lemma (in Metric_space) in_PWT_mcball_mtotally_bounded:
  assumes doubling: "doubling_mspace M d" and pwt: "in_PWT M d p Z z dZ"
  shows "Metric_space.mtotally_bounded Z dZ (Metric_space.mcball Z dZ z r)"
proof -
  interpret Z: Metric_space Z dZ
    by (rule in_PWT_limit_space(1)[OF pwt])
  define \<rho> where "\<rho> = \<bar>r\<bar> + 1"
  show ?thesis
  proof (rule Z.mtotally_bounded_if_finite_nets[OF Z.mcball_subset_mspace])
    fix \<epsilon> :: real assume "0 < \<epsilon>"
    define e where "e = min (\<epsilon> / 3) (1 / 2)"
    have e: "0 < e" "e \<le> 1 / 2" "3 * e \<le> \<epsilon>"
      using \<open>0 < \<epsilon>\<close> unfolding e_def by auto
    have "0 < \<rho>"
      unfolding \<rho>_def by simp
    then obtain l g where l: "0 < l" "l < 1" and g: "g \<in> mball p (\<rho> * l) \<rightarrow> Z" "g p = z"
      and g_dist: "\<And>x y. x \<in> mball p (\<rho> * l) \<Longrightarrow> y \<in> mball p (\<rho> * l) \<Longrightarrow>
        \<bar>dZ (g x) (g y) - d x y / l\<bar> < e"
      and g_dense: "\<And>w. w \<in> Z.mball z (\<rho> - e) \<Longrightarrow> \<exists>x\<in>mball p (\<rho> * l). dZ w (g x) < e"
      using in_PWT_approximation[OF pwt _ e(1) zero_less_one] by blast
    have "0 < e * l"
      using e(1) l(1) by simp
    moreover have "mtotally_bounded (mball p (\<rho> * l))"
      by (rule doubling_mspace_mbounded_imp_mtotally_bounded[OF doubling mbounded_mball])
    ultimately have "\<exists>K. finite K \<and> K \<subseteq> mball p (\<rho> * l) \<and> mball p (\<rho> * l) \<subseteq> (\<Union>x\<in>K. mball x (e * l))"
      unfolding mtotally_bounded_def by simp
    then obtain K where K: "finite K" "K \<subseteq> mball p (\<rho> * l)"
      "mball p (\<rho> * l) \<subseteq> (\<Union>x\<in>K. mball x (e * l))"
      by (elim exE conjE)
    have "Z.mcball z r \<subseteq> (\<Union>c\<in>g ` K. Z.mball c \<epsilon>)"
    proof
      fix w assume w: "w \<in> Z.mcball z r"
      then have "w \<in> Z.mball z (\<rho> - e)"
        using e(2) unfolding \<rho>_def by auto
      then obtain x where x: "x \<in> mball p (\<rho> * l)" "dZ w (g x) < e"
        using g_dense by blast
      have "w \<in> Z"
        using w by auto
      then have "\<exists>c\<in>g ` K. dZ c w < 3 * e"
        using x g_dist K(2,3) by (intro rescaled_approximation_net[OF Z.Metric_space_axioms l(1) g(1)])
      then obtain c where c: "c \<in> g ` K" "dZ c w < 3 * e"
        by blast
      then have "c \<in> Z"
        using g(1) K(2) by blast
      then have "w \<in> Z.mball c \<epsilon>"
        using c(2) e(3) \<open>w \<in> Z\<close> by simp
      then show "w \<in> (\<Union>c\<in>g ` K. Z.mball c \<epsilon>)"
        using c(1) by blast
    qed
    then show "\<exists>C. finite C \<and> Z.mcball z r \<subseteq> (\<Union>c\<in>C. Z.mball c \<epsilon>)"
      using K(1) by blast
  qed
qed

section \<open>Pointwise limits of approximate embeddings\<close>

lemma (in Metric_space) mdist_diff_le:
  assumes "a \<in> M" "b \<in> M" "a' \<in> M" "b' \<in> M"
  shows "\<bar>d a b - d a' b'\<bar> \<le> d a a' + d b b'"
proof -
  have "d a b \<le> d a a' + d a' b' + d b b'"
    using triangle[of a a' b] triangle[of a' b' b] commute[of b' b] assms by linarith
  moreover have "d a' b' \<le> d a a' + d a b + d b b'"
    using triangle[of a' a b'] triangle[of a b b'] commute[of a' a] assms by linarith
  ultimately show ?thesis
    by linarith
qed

--

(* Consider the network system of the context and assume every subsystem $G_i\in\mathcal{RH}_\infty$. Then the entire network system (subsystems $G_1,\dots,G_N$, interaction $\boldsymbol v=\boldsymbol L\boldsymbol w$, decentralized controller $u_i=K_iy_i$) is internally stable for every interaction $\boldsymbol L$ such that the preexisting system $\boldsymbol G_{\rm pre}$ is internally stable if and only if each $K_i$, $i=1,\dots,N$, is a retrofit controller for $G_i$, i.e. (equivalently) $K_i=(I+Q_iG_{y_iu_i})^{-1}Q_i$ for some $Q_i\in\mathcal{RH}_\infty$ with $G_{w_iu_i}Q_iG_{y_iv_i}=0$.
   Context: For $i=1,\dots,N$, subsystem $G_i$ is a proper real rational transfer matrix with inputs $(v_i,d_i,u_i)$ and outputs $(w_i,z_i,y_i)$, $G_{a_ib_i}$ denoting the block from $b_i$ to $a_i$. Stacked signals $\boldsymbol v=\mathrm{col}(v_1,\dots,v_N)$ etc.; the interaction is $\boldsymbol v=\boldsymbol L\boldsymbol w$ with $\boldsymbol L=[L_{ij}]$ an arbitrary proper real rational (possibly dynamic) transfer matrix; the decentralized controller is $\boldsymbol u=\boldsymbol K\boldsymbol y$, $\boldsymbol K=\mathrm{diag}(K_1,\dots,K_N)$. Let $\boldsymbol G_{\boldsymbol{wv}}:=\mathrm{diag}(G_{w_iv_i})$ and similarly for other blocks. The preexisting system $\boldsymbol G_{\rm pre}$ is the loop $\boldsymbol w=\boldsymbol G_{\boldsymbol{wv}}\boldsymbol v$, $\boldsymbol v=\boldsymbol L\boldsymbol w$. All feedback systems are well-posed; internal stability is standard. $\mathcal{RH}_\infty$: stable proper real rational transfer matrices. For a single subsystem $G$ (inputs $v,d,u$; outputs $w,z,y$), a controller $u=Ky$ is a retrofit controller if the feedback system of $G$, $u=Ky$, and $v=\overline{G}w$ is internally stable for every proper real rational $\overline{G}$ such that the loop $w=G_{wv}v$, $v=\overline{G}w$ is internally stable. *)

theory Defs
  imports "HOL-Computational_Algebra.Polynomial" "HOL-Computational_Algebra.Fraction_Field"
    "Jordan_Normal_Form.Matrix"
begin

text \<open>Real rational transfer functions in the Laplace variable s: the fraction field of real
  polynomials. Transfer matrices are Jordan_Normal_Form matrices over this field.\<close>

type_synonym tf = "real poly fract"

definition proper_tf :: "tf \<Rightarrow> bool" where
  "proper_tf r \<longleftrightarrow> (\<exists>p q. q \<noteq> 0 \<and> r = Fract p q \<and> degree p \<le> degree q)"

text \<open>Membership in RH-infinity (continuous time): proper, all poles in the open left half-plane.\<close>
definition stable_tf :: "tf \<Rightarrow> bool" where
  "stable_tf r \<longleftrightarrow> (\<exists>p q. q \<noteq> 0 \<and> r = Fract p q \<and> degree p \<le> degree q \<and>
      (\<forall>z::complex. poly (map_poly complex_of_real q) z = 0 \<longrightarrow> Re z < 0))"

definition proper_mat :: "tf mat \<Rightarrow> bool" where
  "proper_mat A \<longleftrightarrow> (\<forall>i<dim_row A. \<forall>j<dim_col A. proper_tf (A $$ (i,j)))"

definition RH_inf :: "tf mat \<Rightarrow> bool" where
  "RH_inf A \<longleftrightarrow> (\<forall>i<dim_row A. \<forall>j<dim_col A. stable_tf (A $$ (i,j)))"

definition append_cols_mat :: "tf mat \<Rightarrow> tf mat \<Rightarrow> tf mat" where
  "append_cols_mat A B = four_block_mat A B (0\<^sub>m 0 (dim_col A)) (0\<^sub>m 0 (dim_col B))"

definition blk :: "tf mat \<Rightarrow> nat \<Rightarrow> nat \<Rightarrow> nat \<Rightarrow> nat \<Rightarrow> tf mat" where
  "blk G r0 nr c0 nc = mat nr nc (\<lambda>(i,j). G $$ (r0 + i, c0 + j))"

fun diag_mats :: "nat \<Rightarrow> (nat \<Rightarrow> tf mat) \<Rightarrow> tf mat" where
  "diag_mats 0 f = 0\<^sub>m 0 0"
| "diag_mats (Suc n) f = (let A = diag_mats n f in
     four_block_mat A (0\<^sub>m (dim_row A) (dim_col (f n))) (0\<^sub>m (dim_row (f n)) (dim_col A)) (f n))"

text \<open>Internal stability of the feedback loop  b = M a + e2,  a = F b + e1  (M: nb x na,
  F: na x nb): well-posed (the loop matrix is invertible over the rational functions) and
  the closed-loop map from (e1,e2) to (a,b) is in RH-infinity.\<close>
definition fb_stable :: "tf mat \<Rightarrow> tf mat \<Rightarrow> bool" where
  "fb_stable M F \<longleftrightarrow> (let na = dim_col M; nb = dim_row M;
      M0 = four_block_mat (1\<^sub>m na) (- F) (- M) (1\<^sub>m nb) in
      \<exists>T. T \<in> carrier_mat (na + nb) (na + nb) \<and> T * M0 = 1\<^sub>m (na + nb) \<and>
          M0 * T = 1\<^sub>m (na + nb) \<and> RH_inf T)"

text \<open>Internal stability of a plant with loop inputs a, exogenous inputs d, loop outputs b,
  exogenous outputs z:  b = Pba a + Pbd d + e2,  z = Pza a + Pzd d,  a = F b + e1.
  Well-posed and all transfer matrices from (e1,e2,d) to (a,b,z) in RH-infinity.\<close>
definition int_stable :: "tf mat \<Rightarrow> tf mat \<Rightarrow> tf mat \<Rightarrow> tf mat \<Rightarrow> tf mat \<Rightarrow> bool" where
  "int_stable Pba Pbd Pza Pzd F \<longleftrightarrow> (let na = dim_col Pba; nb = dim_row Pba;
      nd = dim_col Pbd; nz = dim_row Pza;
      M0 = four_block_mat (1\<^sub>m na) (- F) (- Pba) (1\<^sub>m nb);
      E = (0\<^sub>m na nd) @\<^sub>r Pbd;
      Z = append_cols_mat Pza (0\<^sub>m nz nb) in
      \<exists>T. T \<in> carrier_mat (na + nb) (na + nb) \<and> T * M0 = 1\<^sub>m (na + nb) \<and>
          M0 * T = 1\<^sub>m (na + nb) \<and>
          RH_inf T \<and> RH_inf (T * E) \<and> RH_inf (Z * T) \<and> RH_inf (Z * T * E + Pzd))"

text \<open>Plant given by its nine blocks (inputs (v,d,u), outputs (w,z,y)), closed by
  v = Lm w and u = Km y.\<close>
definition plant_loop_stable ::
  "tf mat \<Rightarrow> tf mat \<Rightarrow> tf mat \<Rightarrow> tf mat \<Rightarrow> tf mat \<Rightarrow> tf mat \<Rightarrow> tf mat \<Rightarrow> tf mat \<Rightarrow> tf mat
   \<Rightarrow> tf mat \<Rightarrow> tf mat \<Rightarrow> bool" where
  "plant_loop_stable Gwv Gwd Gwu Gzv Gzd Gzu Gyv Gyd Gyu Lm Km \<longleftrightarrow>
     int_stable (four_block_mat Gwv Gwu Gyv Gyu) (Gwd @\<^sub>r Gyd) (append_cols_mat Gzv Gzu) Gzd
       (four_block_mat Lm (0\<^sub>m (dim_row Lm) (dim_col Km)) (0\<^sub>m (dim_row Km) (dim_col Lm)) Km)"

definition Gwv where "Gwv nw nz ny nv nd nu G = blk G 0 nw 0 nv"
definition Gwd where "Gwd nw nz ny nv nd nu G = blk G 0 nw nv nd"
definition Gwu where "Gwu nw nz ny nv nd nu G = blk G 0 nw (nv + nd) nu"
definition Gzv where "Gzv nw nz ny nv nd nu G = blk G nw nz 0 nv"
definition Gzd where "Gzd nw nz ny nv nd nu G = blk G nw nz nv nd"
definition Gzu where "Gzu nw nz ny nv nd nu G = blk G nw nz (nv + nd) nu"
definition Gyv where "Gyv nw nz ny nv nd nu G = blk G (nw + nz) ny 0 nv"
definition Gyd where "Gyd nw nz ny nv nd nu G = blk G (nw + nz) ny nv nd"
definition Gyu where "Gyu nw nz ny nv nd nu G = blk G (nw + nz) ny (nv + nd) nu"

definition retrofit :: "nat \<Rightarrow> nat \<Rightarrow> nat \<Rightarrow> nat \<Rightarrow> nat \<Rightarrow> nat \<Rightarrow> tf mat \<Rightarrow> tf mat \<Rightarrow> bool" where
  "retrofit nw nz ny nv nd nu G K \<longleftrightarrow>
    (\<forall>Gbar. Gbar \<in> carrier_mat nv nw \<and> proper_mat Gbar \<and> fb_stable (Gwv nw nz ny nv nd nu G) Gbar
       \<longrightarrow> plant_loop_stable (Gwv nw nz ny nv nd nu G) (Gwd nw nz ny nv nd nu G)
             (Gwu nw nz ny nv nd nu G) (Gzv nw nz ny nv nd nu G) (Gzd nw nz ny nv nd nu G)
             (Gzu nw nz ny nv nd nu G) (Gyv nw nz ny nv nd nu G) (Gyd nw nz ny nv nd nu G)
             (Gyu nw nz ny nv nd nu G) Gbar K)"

*EXERCISE DIRECTIONS*
The answer must be every line from the records above that contains the word "obtain", copied out.

*EXERCISE OUTPUT*
    then obtain l g where l: "0 < l" "l < 1" and g: "g \<in> mball p (\<rho> * l) \<rightarrow> Z" "g p = z"
    then obtain K where K: "finite K" "K \<subseteq> mball p (\<rho> * l)"
      then obtain x where x: "x \<in> mball p (\<rho> * l)" "dZ w (g x) < e"
      then obtain c where c: "c \<in> g ` K" "dZ c w < 3 * e"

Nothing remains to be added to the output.